- Activity
Search the entries for the word "insert". Copy every line where it turns up.

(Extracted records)
BEGIN

lemma ht_model_nf_iff:
  assumes "\<forall>r\<in>P. nf_rule r"
  shows "ht_model X Y P \<longleftrightarrow> X \<subseteq> Y \<and> (\<forall>r\<in>P. class_sat q X Y r)"
proof -
  have "(\<forall>r\<in>P. ht_sat X Y r) \<longleftrightarrow> (\<forall>r\<in>P. class_sat q X Y r)" if "X \<subseteq> Y"
    by (intro ball_cong refl) (simp add: ht_sat_nf_rule_iff assms that)
  then show ?thesis
    unfolding ht_model_iff by blast
qed

lemma sat_on_R_classes:
  "sat_on b h (Rfree P q) \<longleftrightarrow> (\<forall>r\<in>P. q \<notin> atoms_rule r \<longrightarrow> b r \<longrightarrow> h r)"
  "sat_on b h (R0 P q) \<longleftrightarrow> (\<forall>r\<in>P. LPos q \<in> B r \<longrightarrow> b r \<longrightarrow> h r)"
  "sat_on b h (R1 P q) \<longleftrightarrow> (\<forall>r\<in>P. LNot q \<in> B r \<longrightarrow> b r \<longrightarrow> h r)"
  "sat_on b h (R2 P q) \<longleftrightarrow> (\<forall>r\<in>P. LNotNot q \<in> B r \<and> q \<notin> H r \<longrightarrow> b r \<longrightarrow> h r)"
  "sat_on b h (R3 P q) \<longleftrightarrow> (\<forall>r\<in>P. LNotNot q \<in> B r \<and> q \<in> H r \<longrightarrow> b r \<longrightarrow> h r)"
  "sat_on b h (R4 P q) \<longleftrightarrow> (\<forall>r\<in>P. LNotNot q \<notin> B r \<and> q \<in> H r \<longrightarrow> b r \<longrightarrow> h r)"
  unfolding sat_on_def R_classes_def by auto

definition forgotten_ht_model :: "'a rule set \<Rightarrow> 'a \<Rightarrow> 'a set \<Rightarrow> 'a set \<Rightarrow> bool" where
  "forgotten_ht_model P q X Y \<longleftrightarrow>
    (ht_model Y Y P \<or> ht_model (insert q Y) (insert q Y) P \<and> \<not> ht_model Y (insert q Y) P) \<and>
    (ht_model Y Y P \<longrightarrow> ht_model X Y P) \<and>
    (ht_model (insert q Y) (insert q Y) P \<and> \<not> ht_model Y (insert q Y) P \<longrightarrow>
       ht_model X (insert q Y) P \<or> ht_model (insert q X) (insert q Y) P)"

lemma forgotten_ht_model_cong:
  assumes "\<And>X Y. ht_model X Y P \<longleftrightarrow> ht_model X Y P'"
  shows "forgotten_ht_model P q X Y \<longleftrightarrow> forgotten_ht_model P' q X Y"
  unfolding forgotten_ht_model_def assms ..

locale forget_setting =
  fixes P :: "'a rule set" and q :: 'a and X Y :: "'a set"
  assumes nf_rules: "\<forall>r\<in>P. nf_rule r" and q_notin: "q \<notin> Y" and here_there: "X \<subseteq> Y"
begin

lemma q_notin_X: "q \<notin> X"
  using q_notin here_there by blast

sublocale rule_classes "body_there q Y" "body_here q X Y" "head_meets q Y" "head_meets q X"
  "Rfree P q" "R0 P q" "R1 P q" "R2 P q" "R3 P q" "R4 P q"
proof
  show "body_there q Y r" if "body_here q X Y r" for r
    using that lit_here_imp_there[OF here_there] unfolding body_here_def body_there_def by blast
  show "head_meets q Y r" if "head_meets q X r" for r
    using that here_there unfolding head_meets_def by blast
qed

lemma ht_model_Y_iff: "ht_model Y Y P \<longleftrightarrow> model_Y"
  unfolding ht_model_nf_iff[OF nf_rules, where q=q] model_Y_def sat_on_Un sat_on_R_classes
  by (auto simp: q_notin class_sat_def)

lemma ht_model_Yq_iff: "ht_model (insert q Y) (insert q Y) P \<longleftrightarrow> model_Yq"
  unfolding ht_model_nf_iff[OF nf_rules, where q=q] model_Yq_def sat_on_Un sat_on_R_classes
  by (auto simp: q_notin class_sat_def)

lemma ht_model_Y_Yq_iff: "ht_model Y (insert q Y) P \<longleftrightarrow> model_Y_Yq"
  unfolding ht_model_nf_iff[OF nf_rules, where q=q] model_Y_Yq_def model_Yq_def sat_on_Un sat_on_R_classes
  by (auto simp: q_notin class_sat_def)

lemma ht_model_X_Y_iff: "ht_model X Y P \<longleftrightarrow> model_X_Y"
  unfolding ht_model_nf_iff[OF nf_rules, where q=q] model_X_Y_def model_Y_def sat_on_Un sat_on_R_classes
  using here_there by (auto simp: q_notin q_notin_X class_sat_def)

lemma ht_model_X_Yq_iff: "ht_model X (insert q Y) P \<longleftrightarrow> model_X_Yq"
  unfolding ht_model_nf_iff[OF nf_rules, where q=q] model_X_Yq_def model_Yq_def sat_on_Un sat_on_R_classes
  using here_there by (auto simp: q_notin q_notin_X class_sat_def)

lemma ht_model_Xq_Yq_iff: "ht_model (insert q X) (insert q Y) P \<longleftrightarrow> model_Xq_Yq"
  unfolding ht_model_nf_iff[OF nf_rules, where q=q] model_Xq_Yq_def model_Yq_def sat_on_Un sat_on_R_classes
  using here_there by (auto simp: q_notin q_notin_X class_sat_def)

end

section \<open>The HT-models of \<open>f\<^sub>S\<^sub>P\<close>\<close>

definition S1a :: "'a rule set \<Rightarrow> 'a \<Rightarrow> 'a rule set" where
  "S1a P q = {(H r0 \<union> Hq q r4, Bq q r0 \<union> B r4) | r0 r4. r0 \<in> R0 P q \<and> r4 \<in> R4 P q}"
definition S2a :: "'a rule set \<Rightarrow> 'a \<Rightarrow> 'a rule set" where
  "S2a P q = {(H r0 \<union> Hq q r3, Bq q r0 \<union> Bq q r3 \<union> LNot ` Hq q r' \<union> lnn ` Bq q r')
    | r0 r3 r'. r0 \<in> R0 P q \<and> r3 \<in> R3 P q \<and> r' \<in> R1 P q \<union> R4 P q}"
definition S3a :: "'a rule set \<Rightarrow> 'a \<Rightarrow> 'a rule set" where
  "S3a P q = {(H r0, Bq q r0 \<union> {LNotNot h} \<union> D \<union> Bq q r3 \<union> LNot ` Hq q r3)
    | r0 r3 h D. r0 \<in> R0 P q \<and> r3 \<in> R3 P q \<and> h \<in> H r0 \<and> D \<in> Dq q (R0 P q \<union> R2 P q - {r0})}"
definition S1b :: "'a rule set \<Rightarrow> 'a \<Rightarrow> 'a rule set" where
  "S1b P q = {(H r2, Bq q r2 \<union> LNot ` Hq q r4 \<union> lnn ` B r4) | r2 r4. r2 \<in> R2 P q \<and> r4 \<in> R4 P q}"
definition S2b :: "'a rule set \<Rightarrow> 'a \<Rightarrow> 'a rule set" where
  "S2b P q = {(H r2, Bq q r2 \<union> LNot ` (Hq q r3 \<union> Hq q r') \<union> lnn ` (Bq q r3 \<union> Bq q r'))
    | r2 r3 r'. r2 \<in> R2 P q \<and> r3 \<in> R3 P q \<and> r' \<in> R1 P q \<union> R4 P q}"
definition S3b :: "'a rule set \<Rightarrow> 'a \<Rightarrow> 'a rule set" where
  "S3b P q = {(H r2, Bq q r2 \<union> LNot ` Hq q r3 \<union> lnn ` (Bq q r3 \<union> {LPos h}) \<union> D)
    | r2 r3 h D. r2 \<in> R2 P q \<and> r3 \<in> R3 P q \<and> h \<in> H r2 \<and> D \<in> Dq q (R0 P q \<union> R2 P q - {r2})}"
definition S4 :: "'a rule set \<Rightarrow> 'a \<Rightarrow> 'a rule set" where
  "S4 P q = {(Hq q r', Bq q r' \<union> D)
    | r' D. r' \<in> R1 P q \<union> R4 P q \<and> D \<in> Dq q (R3 P q \<union> R4 P q) \<and> D \<inter> lnot ` Bq q r' = {}}"
definition S5 :: "'a rule set \<Rightarrow> 'a \<Rightarrow> 'a rule set" where
  "S5 P q = {(Hq q r', Bq q r' \<union> LNot ` (H r \<union> Hq q r3) \<union> lnn ` (Bq q r \<union> Bq q r3) \<union> D)
    | r' r3 r D. r' \<in> R1 P q \<union> R4 P q \<and> r3 \<in> R3 P q \<and> r \<in> R0 P q \<union> R2 P q \<and> D \<in> Dq q (R4 P q)
       \<and> D \<inter> lnot ` Bq q r' = {}}"
definition S6 :: "'a rule set \<Rightarrow> 'a \<Rightarrow> 'a rule set" where
  "S6 P q = {(Hq q r', Bq q r' \<union> LNot ` Hq q r3 \<union> lnn ` (Bq q r3 \<union> {LPos h}) \<union> D)
    | r' r3 h D. r' \<in> R1 P q \<union> R4 P q \<and> r3 \<in> R3 P q \<and> h \<in> Hq q r'
       \<and> D \<in> Dq q (R1 P q \<union> R4 P q - {r'})}"
definition S7 :: "'a rule set \<Rightarrow> 'a \<Rightarrow> 'a rule set" where
  "S7 P q = {(H r0 \<union> Hq q r3, Bq q r0 \<union> Bq q r3 \<union> LNot ` Hq q r3' \<union> lnn ` (Bq q r3' \<union> {LPos h}) \<union> D)
    | r0 r3 r3' D h. r0 \<in> R0 P q \<and> r3 \<in> R3 P q \<and> r3' \<in> R3 P q \<and> r3 \<noteq> r3'
       \<and> D \<in> Dq q (R0 P q \<union> R2 P q - {r0}) \<and> h \<in> H r0}"

definition fSP_rules :: "'a rule set \<Rightarrow> 'a \<Rightarrow> 'a rule set" where
  "fSP_rules P q = Rfree P q \<union> S1a P q \<union> S2a P q \<union> S3a P q \<union> S1b P q \<union> S2b P q \<union> S3b P q
    \<union> S4 P q \<union> S5 P q \<union> S6 P q \<union> S7 P q"

lemma fSP_unfold: "fSP P q = NF (fSP_rules (NF P) q)"
  unfolding fSP_def fSP_rules_def Let_def R_classes_def
    S1a_def S2a_def S3a_def S1b_def S2b_def S3b_def S4_def S5_def S6_def S7_def
  by (rule refl)

lemma lit_there_lnot [simp]: "lit_there Y (lnot l) \<longleftrightarrow> \<not> lit_there Y l"
  by (cases l) auto

lemma lit_here_lnot [simp]: "lit_here X Y (lnot l) \<longleftrightarrow> \<not> lit_there Y l"
  by (cases l) auto

lemma lit_there_lnn [simp]: "lit_there Y (lnn l) \<longleftrightarrow> lit_there Y l"
  by (cases l) auto

lemma lit_here_lnn [simp]: "lit_here X Y (lnn l) \<longleftrightarrow> lit_there Y l"
  by (cases l) auto

lemma mem_Dq_iff: "D \<in> Dq q Q \<longleftrightarrow> (\<exists>Q1 Q2 l1 l2. D = lnot ` l1 ` Q1 \<union> LNotNot ` l2 ` Q2 \<and>
    Q1 \<union> Q2 = Q \<and> Q1 \<inter> Q2 = {} \<and> (\<forall>r\<in>Q1. l1 r \<in> Bq q r) \<and> (\<forall>r\<in>Q2. l2 r \<in> Hq q r))"
  unfolding Dq_def by (rule mem_Collect_eq)

lemma Dq_lit_here_iff:
  assumes "D \<in> Dq q Q"
  shows "(\<forall>l\<in>D. lit_here X Y l) \<longleftrightarrow> (\<forall>l\<in>D. lit_there Y l)"
proof -
  obtain Q1 Q2 :: "'a rule set" and l1 l2 where "D = lnot ` l1 ` Q1 \<union> LNotNot ` l2 ` Q2"
    using assms unfolding mem_Dq_iff by blast
  then show ?thesis
    by (simp add: ball_Un)
qed

lemma Dq_witness_iff:
  "(\<exists>D\<in>Dq q Q. \<forall>l\<in>D. lit_there Y l) \<longleftrightarrow> sat_on (body_there q Y) (head_meets q Y) Q"
proof
  assume "\<exists>D\<in>Dq q Q. \<forall>l\<in>D. lit_there Y l"
  then obtain D where "D \<in> Dq q Q" and D_true: "\<forall>l\<in>D. lit_there Y l"
    by blast
  then obtain Q1 Q2 :: "'a rule set" and l1 l2 where D: "D = lnot ` l1 ` Q1 \<union> LNotNot ` l2 ` Q2"
    and "Q1 \<union> Q2 = Q" "\<forall>r\<in>Q1. l1 r \<in> Bq q r" "\<forall>r\<in>Q2. l2 r \<in> Hq q r"
    unfolding mem_Dq_iff by blast
  moreover have "\<forall>r\<in>Q1. \<not> lit_there Y (l1 r)" "\<forall>r\<in>Q2. l2 r \<in> Y"
    using D_true unfolding D by (simp_all add: ball_Un)
  ultimately show "sat_on (body_there q Y) (head_meets q Y) Q"
    unfolding sat_on_def body_there_def head_meets_def by blast
next
  assume sat: "sat_on (body_there q Y) (head_meets q Y) Q"
  define Q1 where "Q1 = {r \<in> Q. \<not> body_there q Y r}"
  have "\<forall>r\<in>Q1. \<exists>l. l \<in> Bq q r \<and> \<not> lit_there Y l"
    unfolding Q1_def body_there_def by blast
  from bchoice[OF this] obtain l1 where l1: "\<forall>r\<in>Q1. l1 r \<in> Bq q r \<and> \<not> lit_there Y (l1 r)"
    by blast
  have "\<forall>r\<in>Q - Q1. \<exists>h. h \<in> Hq q r \<and> h \<in> Y"
    using sat unfolding Q1_def sat_on_def head_meets_def by blast
  from bchoice[OF this] obtain l2 where l2: "\<forall>r\<in>Q - Q1. l2 r \<in> Hq q r \<and> l2 r \<in> Y"
    by blast
  have "lnot ` l1 ` Q1 \<union> LNotNot ` l2 ` (Q - Q1) \<in> Dq q Q"
    unfolding mem_Dq_iff
    by (intro exI[of _ Q1] exI[of _ "Q - Q1"] exI[of _ l1] exI[of _ l2]) (use l1 l2 in \<open>auto simp: Q1_def\<close>)
  moreover have "\<forall>l\<in>lnot ` l1 ` Q1 \<union> LNotNot ` l2 ` (Q - Q1). lit_there Y l"
    using l1 l2 by auto
  ultimately show "\<exists>D\<in>Dq q Q. \<forall>l\<in>D. lit_there Y l"
    by blast
qed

END

- Solution to this exercise
    (ht_model Y Y P \<or> ht_model (insert q Y) (insert q Y) P \<and> \<not> ht_model Y (insert q Y) P) \<and>
    (ht_model (insert q Y) (insert q Y) P \<and> \<not> ht_model Y (insert q Y) P \<longrightarrow>
       ht_model X (insert q Y) P \<or> ht_model (insert q X) (insert q Y) P)"
lemma ht_model_Yq_iff: "ht_model (insert q Y) (insert q Y) P \<longleftrightarrow> model_Yq"
lemma ht_model_Y_Yq_iff: "ht_model Y (insert q Y) P \<longleftrightarrow> model_Y_Yq"
lemma ht_model_X_Yq_iff: "ht_model X (insert q Y) P \<longleftrightarrow> model_X_Yq"
lemma ht_model_Xq_Yq_iff: "ht_model (insert q X) (insert q Y) P \<longleftrightarrow> model_Xq_Yq"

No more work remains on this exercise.